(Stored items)
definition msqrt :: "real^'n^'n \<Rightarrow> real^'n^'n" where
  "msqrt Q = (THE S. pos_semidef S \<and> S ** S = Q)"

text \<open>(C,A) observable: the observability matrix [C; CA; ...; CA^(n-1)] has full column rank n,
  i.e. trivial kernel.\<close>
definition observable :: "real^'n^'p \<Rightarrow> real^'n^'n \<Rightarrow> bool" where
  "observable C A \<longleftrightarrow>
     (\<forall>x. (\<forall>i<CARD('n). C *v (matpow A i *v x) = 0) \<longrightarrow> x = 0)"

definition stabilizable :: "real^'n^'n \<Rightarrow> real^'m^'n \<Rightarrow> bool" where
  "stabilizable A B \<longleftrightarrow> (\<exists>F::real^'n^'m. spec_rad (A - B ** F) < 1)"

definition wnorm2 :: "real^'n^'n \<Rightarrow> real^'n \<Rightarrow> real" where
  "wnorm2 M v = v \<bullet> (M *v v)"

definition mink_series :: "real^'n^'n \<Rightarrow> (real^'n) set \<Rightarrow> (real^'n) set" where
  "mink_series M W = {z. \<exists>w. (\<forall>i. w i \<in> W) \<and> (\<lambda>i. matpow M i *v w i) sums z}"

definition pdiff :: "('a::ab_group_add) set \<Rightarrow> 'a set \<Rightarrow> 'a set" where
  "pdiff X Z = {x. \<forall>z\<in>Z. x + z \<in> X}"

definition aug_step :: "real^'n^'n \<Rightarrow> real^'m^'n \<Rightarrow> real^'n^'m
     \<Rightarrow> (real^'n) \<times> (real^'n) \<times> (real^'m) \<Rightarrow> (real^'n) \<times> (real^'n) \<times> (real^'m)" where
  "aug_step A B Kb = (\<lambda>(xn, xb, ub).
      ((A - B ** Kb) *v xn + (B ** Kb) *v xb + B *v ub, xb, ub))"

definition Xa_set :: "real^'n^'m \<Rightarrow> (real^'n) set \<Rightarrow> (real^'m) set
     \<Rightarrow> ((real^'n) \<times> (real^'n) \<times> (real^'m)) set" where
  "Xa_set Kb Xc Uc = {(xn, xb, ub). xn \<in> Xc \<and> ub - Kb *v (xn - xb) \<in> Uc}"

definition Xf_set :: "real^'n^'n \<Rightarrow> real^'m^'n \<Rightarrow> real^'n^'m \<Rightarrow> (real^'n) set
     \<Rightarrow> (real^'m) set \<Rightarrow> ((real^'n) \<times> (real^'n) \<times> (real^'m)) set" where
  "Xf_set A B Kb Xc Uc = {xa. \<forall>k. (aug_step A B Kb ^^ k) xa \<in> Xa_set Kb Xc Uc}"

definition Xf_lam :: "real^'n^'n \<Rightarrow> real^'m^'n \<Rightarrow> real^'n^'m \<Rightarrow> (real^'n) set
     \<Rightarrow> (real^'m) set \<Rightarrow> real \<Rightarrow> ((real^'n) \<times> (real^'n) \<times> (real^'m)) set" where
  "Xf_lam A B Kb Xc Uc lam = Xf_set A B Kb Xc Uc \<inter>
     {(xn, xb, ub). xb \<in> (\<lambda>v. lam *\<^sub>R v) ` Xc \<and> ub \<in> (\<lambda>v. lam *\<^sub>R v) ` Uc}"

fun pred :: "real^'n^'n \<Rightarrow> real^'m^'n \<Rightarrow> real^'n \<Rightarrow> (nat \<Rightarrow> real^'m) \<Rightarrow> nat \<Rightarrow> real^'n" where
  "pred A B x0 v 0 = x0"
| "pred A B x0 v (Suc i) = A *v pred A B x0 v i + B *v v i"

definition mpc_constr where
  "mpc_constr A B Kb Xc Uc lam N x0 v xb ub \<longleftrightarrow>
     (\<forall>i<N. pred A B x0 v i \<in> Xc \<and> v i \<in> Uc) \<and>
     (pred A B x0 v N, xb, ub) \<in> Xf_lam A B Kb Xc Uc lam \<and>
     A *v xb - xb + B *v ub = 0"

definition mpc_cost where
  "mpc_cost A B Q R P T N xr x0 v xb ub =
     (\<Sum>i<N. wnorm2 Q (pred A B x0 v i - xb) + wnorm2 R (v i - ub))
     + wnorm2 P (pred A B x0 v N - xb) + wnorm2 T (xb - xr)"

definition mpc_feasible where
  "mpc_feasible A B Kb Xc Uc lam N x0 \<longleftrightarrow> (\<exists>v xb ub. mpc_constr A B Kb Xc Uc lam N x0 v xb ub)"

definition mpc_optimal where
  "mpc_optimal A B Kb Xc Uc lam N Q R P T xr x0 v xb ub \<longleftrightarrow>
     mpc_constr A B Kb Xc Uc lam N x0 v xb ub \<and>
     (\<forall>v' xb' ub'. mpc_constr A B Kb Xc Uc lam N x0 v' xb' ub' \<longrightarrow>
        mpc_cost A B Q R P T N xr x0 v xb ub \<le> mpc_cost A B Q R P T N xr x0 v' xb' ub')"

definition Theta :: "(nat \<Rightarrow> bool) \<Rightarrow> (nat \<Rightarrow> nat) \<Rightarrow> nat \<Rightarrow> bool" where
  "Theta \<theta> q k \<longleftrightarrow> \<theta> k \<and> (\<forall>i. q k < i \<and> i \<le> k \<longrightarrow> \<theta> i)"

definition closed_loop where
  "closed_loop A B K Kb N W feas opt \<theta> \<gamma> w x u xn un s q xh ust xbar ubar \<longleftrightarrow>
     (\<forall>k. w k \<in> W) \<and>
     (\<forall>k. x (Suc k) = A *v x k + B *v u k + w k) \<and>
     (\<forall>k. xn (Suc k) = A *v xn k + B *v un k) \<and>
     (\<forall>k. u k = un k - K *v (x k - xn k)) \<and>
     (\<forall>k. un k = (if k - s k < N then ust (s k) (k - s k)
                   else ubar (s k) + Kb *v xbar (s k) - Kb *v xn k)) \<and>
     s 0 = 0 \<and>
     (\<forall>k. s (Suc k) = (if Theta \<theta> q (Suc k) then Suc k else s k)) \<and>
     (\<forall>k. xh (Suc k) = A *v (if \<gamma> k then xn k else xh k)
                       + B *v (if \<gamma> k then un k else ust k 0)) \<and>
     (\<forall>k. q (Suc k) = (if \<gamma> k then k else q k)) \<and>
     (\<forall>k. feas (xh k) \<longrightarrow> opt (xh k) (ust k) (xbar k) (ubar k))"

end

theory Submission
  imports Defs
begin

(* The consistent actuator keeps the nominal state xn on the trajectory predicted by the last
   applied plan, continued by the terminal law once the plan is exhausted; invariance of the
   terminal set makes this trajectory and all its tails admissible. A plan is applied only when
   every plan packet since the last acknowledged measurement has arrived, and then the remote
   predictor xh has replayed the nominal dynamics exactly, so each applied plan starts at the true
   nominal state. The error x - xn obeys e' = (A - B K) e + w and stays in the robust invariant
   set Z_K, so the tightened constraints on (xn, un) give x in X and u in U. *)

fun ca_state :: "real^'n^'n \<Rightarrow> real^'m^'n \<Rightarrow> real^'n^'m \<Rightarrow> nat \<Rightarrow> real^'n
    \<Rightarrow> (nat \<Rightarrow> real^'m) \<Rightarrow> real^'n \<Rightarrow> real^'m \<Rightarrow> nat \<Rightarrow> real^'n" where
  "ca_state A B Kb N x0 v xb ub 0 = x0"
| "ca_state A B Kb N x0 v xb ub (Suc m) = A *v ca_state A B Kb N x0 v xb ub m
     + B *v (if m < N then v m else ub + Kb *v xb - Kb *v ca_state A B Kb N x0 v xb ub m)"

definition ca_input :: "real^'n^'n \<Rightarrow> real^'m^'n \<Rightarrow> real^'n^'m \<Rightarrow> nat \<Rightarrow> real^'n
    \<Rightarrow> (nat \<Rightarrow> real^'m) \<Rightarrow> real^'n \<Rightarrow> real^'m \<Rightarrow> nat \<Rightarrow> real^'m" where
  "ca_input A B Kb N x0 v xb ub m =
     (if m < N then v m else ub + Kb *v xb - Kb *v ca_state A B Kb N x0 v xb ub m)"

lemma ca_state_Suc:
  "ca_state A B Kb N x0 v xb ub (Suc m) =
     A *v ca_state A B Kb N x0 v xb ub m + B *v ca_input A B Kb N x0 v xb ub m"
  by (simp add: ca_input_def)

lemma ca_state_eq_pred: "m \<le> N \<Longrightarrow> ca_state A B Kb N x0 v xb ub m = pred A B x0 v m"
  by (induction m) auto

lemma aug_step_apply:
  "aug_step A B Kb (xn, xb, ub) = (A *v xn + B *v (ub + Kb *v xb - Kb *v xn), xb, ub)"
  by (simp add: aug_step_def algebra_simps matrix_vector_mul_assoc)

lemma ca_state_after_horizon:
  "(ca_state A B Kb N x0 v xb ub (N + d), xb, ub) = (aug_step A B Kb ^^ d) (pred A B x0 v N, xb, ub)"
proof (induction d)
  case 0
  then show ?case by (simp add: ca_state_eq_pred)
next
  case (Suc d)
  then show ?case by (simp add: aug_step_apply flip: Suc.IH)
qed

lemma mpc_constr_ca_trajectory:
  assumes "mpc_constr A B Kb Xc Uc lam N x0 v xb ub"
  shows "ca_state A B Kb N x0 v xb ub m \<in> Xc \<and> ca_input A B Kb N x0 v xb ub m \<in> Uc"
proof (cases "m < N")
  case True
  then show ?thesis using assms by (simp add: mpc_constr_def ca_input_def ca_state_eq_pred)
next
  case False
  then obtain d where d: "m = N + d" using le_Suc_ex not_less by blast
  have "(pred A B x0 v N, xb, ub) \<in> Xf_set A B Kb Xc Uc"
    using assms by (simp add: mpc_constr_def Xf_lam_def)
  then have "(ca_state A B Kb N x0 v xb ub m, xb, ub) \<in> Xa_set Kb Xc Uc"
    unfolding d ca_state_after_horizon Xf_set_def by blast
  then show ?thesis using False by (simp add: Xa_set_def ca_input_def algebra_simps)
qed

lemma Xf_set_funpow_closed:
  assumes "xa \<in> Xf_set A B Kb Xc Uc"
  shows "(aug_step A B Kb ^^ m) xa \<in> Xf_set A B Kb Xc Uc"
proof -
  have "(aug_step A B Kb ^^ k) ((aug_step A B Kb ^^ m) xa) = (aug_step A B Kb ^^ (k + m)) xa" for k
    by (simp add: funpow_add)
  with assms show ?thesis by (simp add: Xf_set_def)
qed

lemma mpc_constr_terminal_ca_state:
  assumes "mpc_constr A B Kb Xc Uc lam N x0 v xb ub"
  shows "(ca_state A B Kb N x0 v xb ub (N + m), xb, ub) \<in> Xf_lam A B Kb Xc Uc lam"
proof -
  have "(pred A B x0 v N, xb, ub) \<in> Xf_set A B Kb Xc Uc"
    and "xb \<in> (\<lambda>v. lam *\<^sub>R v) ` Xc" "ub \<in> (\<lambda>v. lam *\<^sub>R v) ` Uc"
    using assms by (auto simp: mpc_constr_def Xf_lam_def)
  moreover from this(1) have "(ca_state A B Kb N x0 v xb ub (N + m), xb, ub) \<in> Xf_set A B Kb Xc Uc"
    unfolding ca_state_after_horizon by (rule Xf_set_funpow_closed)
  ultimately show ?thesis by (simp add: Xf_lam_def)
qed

▶ [Task brief]
The answer should be all lines from the entries above that hold the word "gamma".

▶ [Solution for this exercise]
  "closed_loop A B K Kb N W feas opt \<theta> \<gamma> w x u xn un s q xh ust xbar ubar \<longleftrightarrow>
     (\<forall>k. xh (Suc k) = A *v (if \<gamma> k then xn k else xh k)
                       + B *v (if \<gamma> k then un k else ust k 0)) \<and>
     (\<forall>k. q (Suc k) = (if \<gamma> k then k else q k)) \<and>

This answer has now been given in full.